Keep your head upright. Don’t bend forward, lean back against pillows, lie down or prop yourself up in bed with pillows.

Some sufferers find relief by wearing loose fitting clothing.

Acupressure wristbands have been used successfully in treating nausea since ancient times. According to acupressure, pressure points located around the wrists and elbows can relieve nausea. Place one hand on your abdomen just below your rib cage and place your other hand on your chest. Rub gently and rhythmically for five minutes, then repeat once every 20 minutes.

Chew gum. Chewing gum can distract the brain from feeling queasy.

Aromatherapy oils such as chamomile, lavender, juniper and rosemary have long been used to treat nausea and relax tense muscles. Add 1 drop of oil per cup of boiling water to a thermos and inhale the steam for 10 to 15 minutes. Another option is to add 2 drops of essential oil to a carrier oil such as jojoba, grapeseed or sweet almond oil. Gently massage the oil onto your temples and upper lip, concentrating on the area behind your ears. Repeat four to seven times.
Although nausea is uncomfortable, it shouldn’t interfere with your ability to perform everyday tasks. However, if you’re experiencing severe nausea or discomfort, contact your doctor for medical advice. Your health care provider may want to examine you further to rule out other conditions such as appendicitis or celiac disease.

While nausea is unpleasant and difficult to deal with, hopefully you’ll never have to endure its effects again! To learn more about what causes it, visit the links on the following page.

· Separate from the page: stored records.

(* Let $t\ge1$, $F=\mathbb{F}_{2^t}$, $A\subseteq F$ and $\alpha^*\in A$. Let $z_1,\dots,z_t\in F$ be such that $\beta_i:=\alpha^*-z_i$, $i=1,\dots,t$, form a basis of $F$ over $\mathbb{F}_2$, and let $g_i(x)=\beta_i(x-z_i)$. Then for every $\alpha\in A\setminus\{\alpha^*\}$, $\mathrm{rank}_{\mathbb{F}_2}\{g_1(\alpha),\dots,g_t(\alpha)\}\le t-1$. *)

theory Defs
  imports Main
begin

text \<open>A field of characteristic 2 is a vector space over F_2; an F_2-linear
combination of a family is a sum of a subfamily (coefficients in {0,1}).\<close>

definition f2_comb :: "(nat \<Rightarrow> 'a::field) \<Rightarrow> nat \<Rightarrow> (nat \<Rightarrow> bool) \<Rightarrow> 'a" where
  "f2_comb b t c = (\<Sum>i\<in>{1..t}. if c i then b i else 0)"

definition f2_basis :: "(nat \<Rightarrow> 'a::field) \<Rightarrow> nat \<Rightarrow> bool" where
  "f2_basis b t \<longleftrightarrow>
     (\<forall>c. f2_comb b t c = 0 \<longrightarrow> (\<forall>i\<in>{1..t}. \<not> c i)) \<and>
     (\<forall>x. \<exists>c. x = f2_comb b t c)"

definition f2_indep :: "'a::field set \<Rightarrow> bool" where
  "f2_indep T \<longleftrightarrow> finite T \<and> (\<forall>U\<subseteq>T. U \<noteq> {} \<longrightarrow> \<Sum>U \<noteq> 0)"

definition f2_rank :: "'a::field set \<Rightarrow> nat" where
  "f2_rank S = Max {card T | T. T \<subseteq> S \<and> f2_indep T}"

end

theory Submission
  imports Defs
begin

text \<open>Put d = \<alpha> - \<alpha>s. Since \<alpha> - z i = \<beta> i + d, every g i \<alpha> = \<beta> i * (\<beta> i + d) lies in
  the image of L x = x * (x + d). In characteristic 2, L is additive with kernel {0, d}, so its
  image is an F_2-subspace with 2^(t-1) elements. An independent set T inside it has 2^|T|
  distinct subset sums, all in the image, so |T| \<le> t - 1.\<close>

lemma add_self_eq_zero_char2:
  fixes x :: "'a::ring_1"
  assumes "(1::'a) + 1 = 0"
  shows "x + x = 0"
proof -
  have "(1 + 1) * x = 0" using assms by (simp only: mult_zero_left)
  then show ?thesis by (simp only: distrib_right mult_1)
qed

lemma sum_subset_closed:
  fixes S :: "'a::comm_monoid_add set"
  assumes "0 \<in> S" "\<And>a b. a \<in> S \<Longrightarrow> b \<in> S \<Longrightarrow> a + b \<in> S" "finite U" "U \<subseteq> S"
  shows "\<Sum>U \<in> S"
  using assms(3,4) by (induction U rule: finite_induct) (use assms(1,2) in auto)

lemma sum_add_sum_eq_sum_symdiff_char2:
  fixes U V :: "'a::ring_1 set"
  assumes "(1::'a) + 1 = 0" "finite U" "finite V"
  shows "\<Sum>U + \<Sum>V = \<Sum>((U - V) \<union> (V - U))"
proof -
  have "\<Sum>U = \<Sum>(U - V) + \<Sum>(U \<inter> V)" "\<Sum>V = \<Sum>(V - U) + \<Sum>(U \<inter> V)"
    using assms(2,3) by (metis Int_commute sum.Int_Diff add.commute)+
  moreover have "\<Sum>(U \<inter> V) + \<Sum>(U \<inter> V) = 0"
    using add_self_eq_zero_char2[OF assms(1)] .
  moreover have "\<Sum>((U - V) \<union> (V - U)) = \<Sum>(U - V) + \<Sum>(V - U)"
    using assms(2,3) by (intro sum.union_disjoint) auto
  ultimately show ?thesis by (simp add: algebra_simps)
qed

lemma inj_on_Sum_Pow_f2_indep:
  fixes T :: "'a::field set"
  assumes "(1::'a) + 1 = 0" "f2_indep T"
  shows "inj_on Sum (Pow T)"
proof (rule inj_onI)
  fix U V assume U: "U \<in> Pow T" and V: "V \<in> Pow T" and eq: "\<Sum>U = \<Sum>V"
  have fin: "finite U" "finite V"
    using U V assms(2) finite_subset unfolding f2_indep_def by auto
  have "\<Sum>((U - V) \<union> (V - U)) = \<Sum>V + \<Sum>V"
    using sum_add_sum_eq_sum_symdiff_char2[OF assms(1) fin] eq by simp
  also have "\<dots> = 0" using add_self_eq_zero_char2[OF assms(1)] .
  finally have "\<Sum>((U - V) \<union> (V - U)) = 0" .
  moreover have "(U - V) \<union> (V - U) \<subseteq> T" using U V by blast
  ultimately have "(U - V) \<union> (V - U) = {}"
    using assms(2) unfolding f2_indep_def by blast
  then show "U = V" by blast
qed

lemma two_pow_card_f2_indep_le_card:
  fixes S T :: "'a::{field,finite} set"
  assumes "(1::'a) + 1 = 0" "f2_indep T" "T \<subseteq> S"
    and "0 \<in> S" "\<And>a b. a \<in> S \<Longrightarrow> b \<in> S \<Longrightarrow> a + b \<in> S"
  shows "2 ^ card T \<le> card S"
proof -
  have fin: "finite T" using assms(2) unfolding f2_indep_def by simp
  have "Sum ` Pow T \<subseteq> S"
    using assms(3-5) fin sum_subset_closed[of S] by (auto intro: finite_subset)
  then have "card (Sum ` Pow T) \<le> card S" by (simp add: card_mono)
  moreover have "card (Sum ` Pow T) = 2 ^ card T"
    using card_image[OF inj_on_Sum_Pow_f2_indep[OF assms(1,2)]] fin by (simp add: card_Pow)
  ultimately show ?thesis by simp
qed

lemma f2_rank_le_of_subset_closed:
  fixes G S :: "'a::{field,finite} set"
  assumes "(1::'a) + 1 = 0" "card S \<le> 2 ^ n" "G \<subseteq> S"
    and "0 \<in> S" "\<And>a b. a \<in> S \<Longrightarrow> b \<in> S \<Longrightarrow> a + b \<in> S"
  shows "f2_rank G \<le> n"
proof -
  let ?C = "{card T | T. T \<subseteq> G \<and> f2_indep T}"
  have bound: "c \<le> n" if "c \<in> ?C" for c
  proof -
    obtain T where T: "c = card T" "T \<subseteq> G" "f2_indep T" using \<open>c \<in> ?C\<close> by blast
    have "2 ^ card T \<le> (2::nat) ^ n"
      using two_pow_card_f2_indep_le_card[OF assms(1) T(3) _ assms(4,5)] T(2) assms(2,3)
      by (meson order_trans)
    then show ?thesis using T(1) by simp
  qed
  have "finite ?C" using bound by (meson finite_atMost finite_subset subsetI atMost_iff)
  moreover have "card {} \<in> ?C" by (force simp: f2_indep_def)
  ultimately show ?thesis unfolding f2_rank_def using bound by (subst Max_le_iff) auto
qed

lemma add_shifted_square_char2:
  fixes d x y :: "'a::comm_ring_1"
  assumes "(1::'a) + 1 = 0"
  shows "(x + y) * (x + y + d) = x * (x + d) + y * (y + d)"
proof -
  have "(x + y) * (x + y + d) = x * (x + d) + y * (y + d) + (x * y + x * y)"
    by (simp add: algebra_simps)
  then show ?thesis using add_self_eq_zero_char2[OF assms] by simp
qed

lemma add_eq_0_iff_eq_char2:
  fixes x y :: "'a::ring_1"
  assumes "(1::'a) + 1 = 0"
  shows "x + y = 0 \<longleftrightarrow> x = y"
  using add_self_eq_zero_char2[OF assms, of y] by (metis add_right_cancel)

lemma shifted_square_eq_iff_char2:
  fixes d w x :: "'a::idom"
  assumes "(1::'a) + 1 = 0"
  shows "w * (w + d) = x * (x + d) \<longleftrightarrow> w = x \<or> w = x + d"
proof -
  have "w + x + x = w"
    using add_self_eq_zero_char2[OF assms, of x] by (simp add: add.assoc)
  then have "w * (w + d) = (w + x) * (w + x + d) + x * (x + d)"
    using add_shifted_square_char2[OF assms, of "w + x" x d] by (simp only:)
  then have "w * (w + d) = x * (x + d) \<longleftrightarrow> (w + x) * (w + x + d) = 0"
    by (metis add_0 add_right_cancel)
  also have "\<dots> \<longleftrightarrow> w = x \<or> w = x + d"
    using add_eq_0_iff_eq_char2[OF assms] by (simp add: add.assoc)
  finally show ?thesis .
qed

lemma card_range_two_to_one:
  fixes f :: "'a::finite \<Rightarrow> 'b"
  assumes "\<And>x. card (f -` {f x}) = 2"
  shows "2 * card (range f) = card (UNIV :: 'a set)"
proof -
  have "(\<Union>y\<in>range f. f -` {y}) = UNIV" by auto
  then have "card (UNIV :: 'a set) = card (\<Union>y\<in>range f. f -` {y})" by simp
  also have "\<dots> = (\<Sum>y\<in>range f. card (f -` {y}))" by (rule card_UN_disjoint) auto
  also have "\<dots> = (\<Sum>y\<in>range f. 2)" using assms by (intro sum.cong) auto
  finally show ?thesis by simp
qed

theorem lemma3:
  fixes t :: nat and A :: "'a::{field,finite} set" and \<alpha>s :: 'a and z :: "nat \<Rightarrow> 'a"
  assumes "t \<ge> 1"
    and "(1::'a) + 1 = 0"
    and "card (UNIV :: 'a set) = 2 ^ t"
    and "\<alpha>s \<in> A"
    and "f2_basis (\<lambda>i. \<alpha>s - z i) t"
  shows "\<forall>\<alpha>\<in>A - {\<alpha>s}.
           f2_rank ((\<lambda>i. (\<alpha>s - z i) * (\<alpha> - z i)) ` {1..t}) \<le> t - 1"
proof
  fix \<alpha> assume "\<alpha> \<in> A - {\<alpha>s}"
  define d where "d = \<alpha> - \<alpha>s"
  define L where "L x = x * (x + d)" for x
  have "d \<noteq> 0" using \<open>\<alpha> \<in> A - {\<alpha>s}\<close> by (simp add: d_def)
  have "L w = L x \<longleftrightarrow> w = x \<or> w = x + d" for w x
    unfolding L_def by (rule shifted_square_eq_iff_char2[OF assms(2)])
  then have "L -` {L x} = {x, x + d}" for x by blast
  moreover have "x \<noteq> x + d" for x using \<open>d \<noteq> 0\<close> by simp
  ultimately have "card (L -` {L x}) = 2" for x by (metis card_2_iff)
  then have "2 * card (range L) = 2 * 2 ^ (t - 1)"
    using card_range_two_to_one[of L] assms(1,3) by (simp add: power_eq_if)
  then have "card (range L) \<le> 2 ^ (t - 1)" by simp
  moreover have "(\<alpha>s - z i) * (\<alpha> - z i) = L (\<alpha>s - z i)" for i
    by (simp add: L_def d_def)
  then have "(\<lambda>i. (\<alpha>s - z i) * (\<alpha> - z i)) ` {1..t} \<subseteq> range L" by auto
  moreover have "0 \<in> range L" by (metis L_def mult_zero_left rangeI)
  moreover have "a + b \<in> range L" if ab: "a \<in> range L" "b \<in> range L" for a b
  proof -
    obtain x y where "a = L x" "b = L y" using ab by blast
    then have "a + b = L (x + y)"
      unfolding L_def by (simp only: add_shifted_square_char2[OF assms(2)])
    then show ?thesis by simp
  qed
  ultimately show "f2_rank ((\<lambda>i. (\<alpha>s - z i) * (\<alpha> - z i)) ` {1..t}) \<le> t - 1"
    by (rule f2_rank_le_of_subset_closed[OF assms(2)])
qed

end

People with diabetes or anyone using insulin should consult their doctors before taking supplements such as evening primrose oil, black currant seed extract or feverfew. People who use beta blockers should not ingest foods high in omega-3 fats, such as fish and walnuts.

Taking aspirin or any other salicylates can cause nausea and drowsiness, which makes driving dangerous. Women who smoke should talk to their doctors before trying to quit. Those who have ulcers or gastroesophageal reflux disease (GERD) should refrain from lying down after meals. Finally, those who have kidney problems should check with their doctors before taking St John’s wort or any other medicine containing hypericum.